Data for this exercise ::
lemma h2_closed_subspace_nearest_point:
  assumes M: "h2_closed_subspace M" and f: "f \<in> H2"
  obtains g where "g \<in> M"
    "\<And>a. a \<in> M \<Longrightarrow> h2_sqnorm (\<lambda>n. f n - g n) \<le> h2_sqnorm (\<lambda>n. f n - a n)"
proof -
  have MH: "M \<subseteq> H2" by (rule h2_closed_subspace_subset[OF M])
  define d where "d = (INF a\<in>M. h2_sqnorm (\<lambda>n. f n - a n))"
  obtain gs where gs: "\<And>k. gs k \<in> M"
    and close: "\<And>k. h2_sqnorm (\<lambda>n. f n - gs k n) < d + inverse (real (Suc k))"
    and near: "\<And>j k. h2_sqnorm (\<lambda>n. gs j n - gs k n) \<le> 2 * inverse (real (Suc j)) + 2 * inverse (real (Suc k))"
    using h2_closed_subspace_minimizing_sequence[OF M f d_def] by blast
  have gsH: "gs k \<in> H2" for k using gs MH by auto
  have inverse_le: "inverse (real (Suc k)) \<le> inverse (real (Suc K))" if "k \<ge> K" for k K
    using that by (simp add: le_imp_inverse_le)
  have "\<exists>K. \<forall>j\<ge>K. \<forall>k\<ge>K. h2_sqnorm (\<lambda>n. gs j n - gs k n) < e" if "e > 0" for e
  proof -
    obtain K :: nat where "4 / e < real K" using reals_Archimedean2 by blast
    then have K: "4 * inverse (real (Suc K)) < e" using \<open>e > 0\<close> by (simp add: field_simps)
    have "h2_sqnorm (\<lambda>n. gs j n - gs k n) < e" if "j \<ge> K" "k \<ge> K" for j k
      using near[of j k] inverse_le[OF that(1)] inverse_le[OF that(2)] K by linarith
    then show ?thesis by blast
  qed
  then obtain g where g: "g \<in> H2" and lim: "\<And>n. (\<lambda>k. gs k n) \<longlonglongrightarrow> g n"
    and conv: "(\<lambda>k. h2_norm (\<lambda>n. gs k n - g n)) \<longlonglongrightarrow> 0"
    using h2_Cauchy_convergent[where x=gs, OF gsH] by blast
  have gM: "g \<in> M" using h2_closed_subspace_limit[OF M gs g conv] .
  have "h2_sqnorm (\<lambda>n. f n - g n) \<le> d + inverse (real (Suc K))" for K
  proof (rule h2_sqnorm_le_of_pointwise_limit(2)[where x="\<lambda>k n. f n - gs k n"])
    show "(\<lambda>k. f n - gs k n) \<longlonglongrightarrow> f n - g n" for n by (intro tendsto_intros lim)
    show "(\<lambda>n. f n - gs k n) \<in> H2" for k using f gsH by (rule H2_diff)
    show "h2_sqnorm (\<lambda>n. f n - gs k n) \<le> d + inverse (real (Suc K))" if "k \<ge> K" for k
      using close[of k] inverse_le[OF that] by linarith
  qed
  moreover have "(\<lambda>K. d + inverse (real (Suc K))) \<longlonglongrightarrow> d"
    using tendsto_add[OF tendsto_const LIMSEQ_inverse_real_of_nat, of d] by simp
  ultimately have "h2_sqnorm (\<lambda>n. f n - g n) \<le> d"
    by (intro LIMSEQ_le_const) auto
  then show ?thesis
    using that gM INF_h2_sqnorm_diff_le[OF MH f] unfolding d_def by fastforce
qed

lemma Re_h2_inner: "u \<in> H2 \<Longrightarrow> h \<in> H2 \<Longrightarrow> Re (h2_inner u h) = h2_rinner u h"
  unfolding h2_inner_def h2_rinner_def
  by (simp add: Re_suminf summable_vec_cinner_H2 Re_vec_cinner del: Re_sum)

lemma h2_inner_scale_ii:
  assumes "u \<in> H2" "h \<in> H2"
  shows "h2_inner u (\<lambda>n. \<i> *s h n) = - \<i> * h2_inner u h"
proof -
  have "(\<lambda>n. vec_cinner (u n) (\<i> *s h n)) = (\<lambda>n. - \<i> * vec_cinner (u n) (h n))"
    by (intro ext) (rule vec_cinner_scale_ii)
  then show ?thesis
    unfolding h2_inner_def using suminf_mult[OF summable_vec_cinner_H2[OF assms], of "- \<i>"] by simp
qed

lemma h2_inner_eq_0I:
  assumes u: "u \<in> H2" and h: "h \<in> H2" "(\<lambda>n. \<i> *s h n) \<in> H2"
    and "h2_rinner u h = 0" "h2_rinner u (\<lambda>n. \<i> *s h n) = 0"
  shows "h2_inner u h = 0"
proof -
  have "Re (h2_inner u h) = 0" using assms Re_h2_inner[OF u h(1)] by simp
  moreover have "Im (h2_inner u h) = 0"
    using assms Re_h2_inner[OF u h(2)] h2_inner_scale_ii[OF u h(1)] by simp
  ultimately show ?thesis by (simp add: complex_eq_iff)
qed

lemma h2_inner_self: "w \<in> H2 \<Longrightarrow> h2_inner w w = of_real (h2_sqnorm w)"
  unfolding h2_inner_def h2_sqnorm_def H2_def by (simp add: vec_cinner_self suminf_of_real)

lemma h2_inner_diff_left:
  assumes "a \<in> H2" "b \<in> H2" "c \<in> H2"
  shows "h2_inner (\<lambda>n. a n - b n) c = h2_inner a c - h2_inner b c"
proof -
  have "(\<lambda>n. vec_cinner (a n - b n) (c n)) = (\<lambda>n. vec_cinner (a n) (c n) - vec_cinner (b n) (c n))"
    by (intro ext) (simp add: algebra_simps sum_subtractf)
  then show ?thesis
    unfolding h2_inner_def
    using suminf_diff[OF summable_vec_cinner_H2[OF assms(1,3)] summable_vec_cinner_H2[OF assms(2,3)]]
    by simp
qed

lemma h2_nearest_point_orthogonal:
  assumes M: "h2_closed_subspace M" and f: "f \<in> H2" and g: "g \<in> M"
    and nearest: "\<And>a. a \<in> M \<Longrightarrow> h2_sqnorm (\<lambda>n. f n - g n) \<le> h2_sqnorm (\<lambda>n. f n - a n)"
    and h: "h \<in> M"
  shows "h2_inner (\<lambda>n. f n - g n) h = 0"
proof -
  have MH: "M \<subseteq> H2" by (rule h2_closed_subspace_subset[OF M])
  let ?u = "\<lambda>n. f n - g n"
  have u: "?u \<in> H2" using f g MH by (auto intro: H2_diff)
  have "h2_rinner ?u k = 0" if k: "k \<in> M" for k
  proof (rule quadratic_nonneg_imp_linear_coeff_zero)
    show "0 \<le> h2_sqnorm k" using k MH by (auto intro: h2_sqnorm_nonneg)
    fix t
    have "(\<lambda>n. g n + t *\<^sub>R k n) \<in> M"
      using M g k by (intro h2_closed_subspace_add h2_closed_subspace_scaleR)
    then have "h2_sqnorm ?u \<le> h2_sqnorm (\<lambda>n. f n - (g n + t *\<^sub>R k n))" by (rule nearest)
    also have "(\<lambda>n. f n - (g n + t *\<^sub>R k n)) = (\<lambda>n. ?u n + (- t) *\<^sub>R k n)"
      by (simp add: algebra_simps)
    also have "h2_sqnorm \<dots> = h2_sqnorm ?u + 2 * (- t) * h2_rinner ?u k + (- t)\<^sup>2 * h2_sqnorm k"
      using u k MH by (intro h2_sqnorm_add_scaleR) auto
    finally show "0 \<le> t\<^sup>2 * h2_sqnorm k - 2 * t * h2_rinner ?u k" by simp
  qed
  moreover have "(\<lambda>n. \<i> *s h n) \<in> M" using M h by (rule h2_closed_subspace_smult)
  ultimately show ?thesis using u h MH by (intro h2_inner_eq_0I) auto
qed

lemma h2_closed_subspace_projection_exists:
  assumes "h2_closed_subspace M" "f \<in> H2"
  obtains g where "g \<in> M" "\<And>h. h \<in> M \<Longrightarrow> h2_inner (\<lambda>n. f n - g n) h = 0"
proof -
  obtain g where "g \<in> M"
    "\<And>a. a \<in> M \<Longrightarrow> h2_sqnorm (\<lambda>n. f n - g n) \<le> h2_sqnorm (\<lambda>n. f n - a n)"
    using h2_closed_subspace_nearest_point[OF assms] by blast
  with h2_nearest_point_orthogonal[OF assms] show ?thesis using that by blast
qed

lemma oproj_eqI:
  assumes N: "N \<subseteq> H2" "\<And>a b. a \<in> N \<Longrightarrow> b \<in> N \<Longrightarrow> (\<lambda>n. a n - b n) \<in> N"
    and f: "f \<in> H2" and g: "g \<in> N" and orth: "\<And>h. h \<in> N \<Longrightarrow> h2_inner (\<lambda>n. f n - g n) h = 0"
  shows "oproj N f = g"
  unfolding oproj_def
proof (rule the_equality)
  show "g \<in> N \<and> (\<forall>h\<in>N. h2_inner (\<lambda>n. f n - g n) h = 0)" using g orth by blast
  fix g' assume g': "g' \<in> N \<and> (\<forall>h\<in>N. h2_inner (\<lambda>n. f n - g' n) h = 0)"
  let ?w = "\<lambda>n. g n - g' n"
  have w: "?w \<in> N" "?w \<in> H2" using N g g' by auto
  have H: "g \<in> H2" "g' \<in> H2" "(\<lambda>n. f n - g n) \<in> H2" "(\<lambda>n. f n - g' n) \<in> H2"
    using N f g g' by (auto intro: H2_diff)
  \<comment> \<open>both residuals are orthogonal to the difference of the candidates, which lies in N\<close>
  have "(\<lambda>n. (f n - g' n) - (f n - g n)) = ?w" by auto
  then have "h2_inner ?w ?w = h2_inner (\<lambda>n. f n - g' n) ?w - h2_inner (\<lambda>n. f n - g n) ?w"
    using h2_inner_diff_left[OF H(4) H(3) w(2)] by simp
  also have "\<dots> = 0" using g' orth w by simp
  finally have "h2_sqnorm ?w = 0" using h2_inner_self[OF w(2)] by simp
  then show "g' = g" using h2_sqnorm_eq_0_iff[OF w(2)] by (simp add: fun_eq_iff)
qed

lemma P_M_projection:
  assumes M: "h2_closed_subspace M" and f: "f \<in> H2"
  shows "P_M M f \<in> M" "\<And>h. h \<in> M \<Longrightarrow> h2_inner (\<lambda>n. f n - P_M M f n) h = 0"
proof -
  obtain g where g: "g \<in> M" "\<And>h. h \<in> M \<Longrightarrow> h2_inner (\<lambda>n. f n - g n) h = 0"
    using h2_closed_subspace_projection_exists[OF M f] by blast
  have "P_M M f = g"
    unfolding P_M_def
    using h2_closed_subspace_subset[OF M] h2_closed_subspace_diff[OF M] f g by (rule oproj_eqI)
  with g show "P_M M f \<in> M" "\<And>h. h \<in> M \<Longrightarrow> h2_inner (\<lambda>n. f n - P_M M f n) h = 0" by auto
qed

lemma h2_inner_bshift:
  assumes "a \<in> H2" "b \<in> H2"
  shows "h2_inner (bshift a) b = h2_inner a (shift b)"
proof -
  have summable: "summable (\<lambda>n. vec_cinner (a n) (shift b n))"
    using assms by (intro summable_vec_cinner_H2 H2_shift)
  have "h2_inner a (shift b) = (\<Sum>n. vec_cinner (a (Suc n)) (shift b (Suc n)))"
    unfolding h2_inner_def using suminf_split_head[OF summable] by (simp add: shift_def)
  also have "\<dots> = h2_inner (bshift a) b"
    unfolding h2_inner_def by (simp add: shift_def bshift_def)
  finally show ?thesis by simp
qed

lemma h2_inner_at_zero: "h2_inner u (\<lambda>n. if n = 0 then v else 0) = vec_cinner (u 0) v"
  unfolding h2_inner_def by (subst suminf_finite[of "{0}"]) auto

lemma at_zero_mem_ker_bshift: "(\<lambda>n. if n = 0 then v else 0) \<in> ker_bshift"
  unfolding ker_bshift_def bshift_def using H2_at_zero by auto

lemma shift_bshift_mem:
  assumes M: "h2_closed_subspace M" and ker: "ker_bshift \<subseteq> M" and m: "m \<in> M"
  shows "shift (bshift m) \<in> M"
proof -
  have "(\<lambda>n. if n = 0 then m 0 else 0) \<in> M" using ker at_zero_mem_ker_bshift by blast
  moreover have "shift (bshift m) = (\<lambda>n. m n - (if n = 0 then m 0 else 0))"
    by (auto simp: shift_def bshift_def fun_eq_iff)
  ultimately show ?thesis using h2_closed_subspace_diff[OF M m] by simp
qed

lemma R_M_bshift:
  assumes M: "h2_closed_subspace M" and ker: "ker_bshift \<subseteq> M" and f: "f \<in> H2"
  shows "R_M M (bshift f) = bshift (P_M M f)"
  unfolding R_M_def
proof (rule oproj_eqI)
  have MH: "M \<subseteq> H2" by (rule h2_closed_subspace_subset[OF M])
  show "bshift ` M \<subseteq> H2" using MH H2_bshift by auto
  show "(\<lambda>n. a n - b n) \<in> bshift ` M" if ab: "a \<in> bshift ` M" "b \<in> bshift ` M" for a b
  proof -
    obtain a' b' where ab: "a' \<in> M" "b' \<in> M" "a = bshift a'" "b = bshift b'" using ab by auto
    then have "(\<lambda>n. a n - b n) = bshift (\<lambda>n. a' n - b' n)" by (simp add: bshift_def)
    with h2_closed_subspace_diff[OF M ab(1,2)] show ?thesis by simp
  qed
  show "bshift f \<in> H2" using f by (rule H2_bshift)
  show "bshift (P_M M f) \<in> bshift ` M" using P_M_projection(1)[OF M f] by simp
  show "h2_inner (\<lambda>n. bshift f n - bshift (P_M M f) n) h = 0" if h: "h \<in> bshift ` M" for h
  proof -
    let ?r = "\<lambda>n. f n - P_M M f n"
    have r: "?r \<in> H2" using f P_M_projection(1)[OF M f] MH by (auto intro: H2_diff)
    obtain m where m: "m \<in> M" "h = bshift m" using h by auto
    have "(\<lambda>n. bshift f n - bshift (P_M M f) n) = bshift ?r" by (simp add: bshift_def)
    then have "h2_inner (\<lambda>n. bshift f n - bshift (P_M M f) n) h = h2_inner ?r (shift h)"
      using h2_inner_bshift[OF r, of h] m MH H2_bshift by auto
    also have "\<dots> = 0"
      using P_M_projection(2)[OF M f] shift_bshift_mem[OF M ker m(1)] m(2) by simp
    finally show ?thesis .
  qed
qed

lemma P_M_vanishes_at_zero:
  assumes M: "h2_closed_subspace M" and ker: "ker_bshift \<subseteq> M"
    and f: "f \<in> H2" and f0: "f 0 = 0"
  shows "P_M M f 0 = 0"
proof -
  let ?g = "P_M M f"
  have "(\<lambda>n. if n = 0 then ?g 0 else 0) \<in> M" using ker at_zero_mem_ker_bshift by blast
  then have "0 = h2_inner (\<lambda>n. f n - ?g n) (\<lambda>n. if n = 0 then ?g 0 else 0)"
    using P_M_projection(2)[OF M f] by simp
  also have "\<dots> = - vec_cinner (?g 0) (?g 0)"
    by (simp add: h2_inner_at_zero f0 sum_negf)
  also have "\<dots> = - of_real ((norm (?g 0))\<^sup>2)" by (simp only: vec_cinner_self)
  finally show ?thesis by simp
qed

theorem lemma4p2:
  fixes M :: "('p::finite) h2seq set"
  assumes "h2_closed_subspace M"
    and "bshift ` M \<subseteq> M"
    and "ker_bshift \<subseteq> M"
  shows "(\<forall>f\<in>H2. R_M M f = bshift (P_M M (shift f))) \<and>
         (\<forall>f\<in>H2. R_M M (bshift f) = bshift (P_M M f)) \<and>
         (\<forall>f\<in>H2. Q_M M f = P_M M (shift f))"
proof -
  have R: "R_M M f = bshift (P_M M (shift f))" if "f \<in> H2" for f
    using R_M_bshift[OF assms(1,3) H2_shift[OF that]] by simp
  moreover have "Q_M M f = P_M M (shift f)" if "f \<in> H2" for f
  proof -
    have "shift f 0 = 0" by (simp add: shift_def)
    with P_M_vanishes_at_zero[OF assms(1,3) H2_shift[OF that]]
    have "P_M M (shift f) 0 = 0" .
    then show ?thesis unfolding Q_M_def R[OF that] by (rule shift_bshift)
  qed
  ultimately show ?thesis using R_M_bshift[OF assms(1,3)] by blast
qed

end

Work required :: Go through the entries and return each line where the word "else" occurs.

Result of this task ::
lemma h2_inner_at_zero: "h2_inner u (\<lambda>n. if n = 0 then v else 0) = vec_cinner (u 0) v"
lemma at_zero_mem_ker_bshift: "(\<lambda>n. if n = 0 then v else 0) \<in> ker_bshift"
  have "(\<lambda>n. if n = 0 then m 0 else 0) \<in> M" using ker at_zero_mem_ker_bshift by blast
  moreover have "shift (bshift m) = (\<lambda>n. m n - (if n = 0 then m 0 else 0))"
  have "(\<lambda>n. if n = 0 then ?g 0 else 0) \<in> M" using ker at_zero_mem_ker_bshift by blast
  then have "0 = h2_inner (\<lambda>n. f n - ?g n) (\<lambda>n. if n = 0 then ?g 0 else 0)"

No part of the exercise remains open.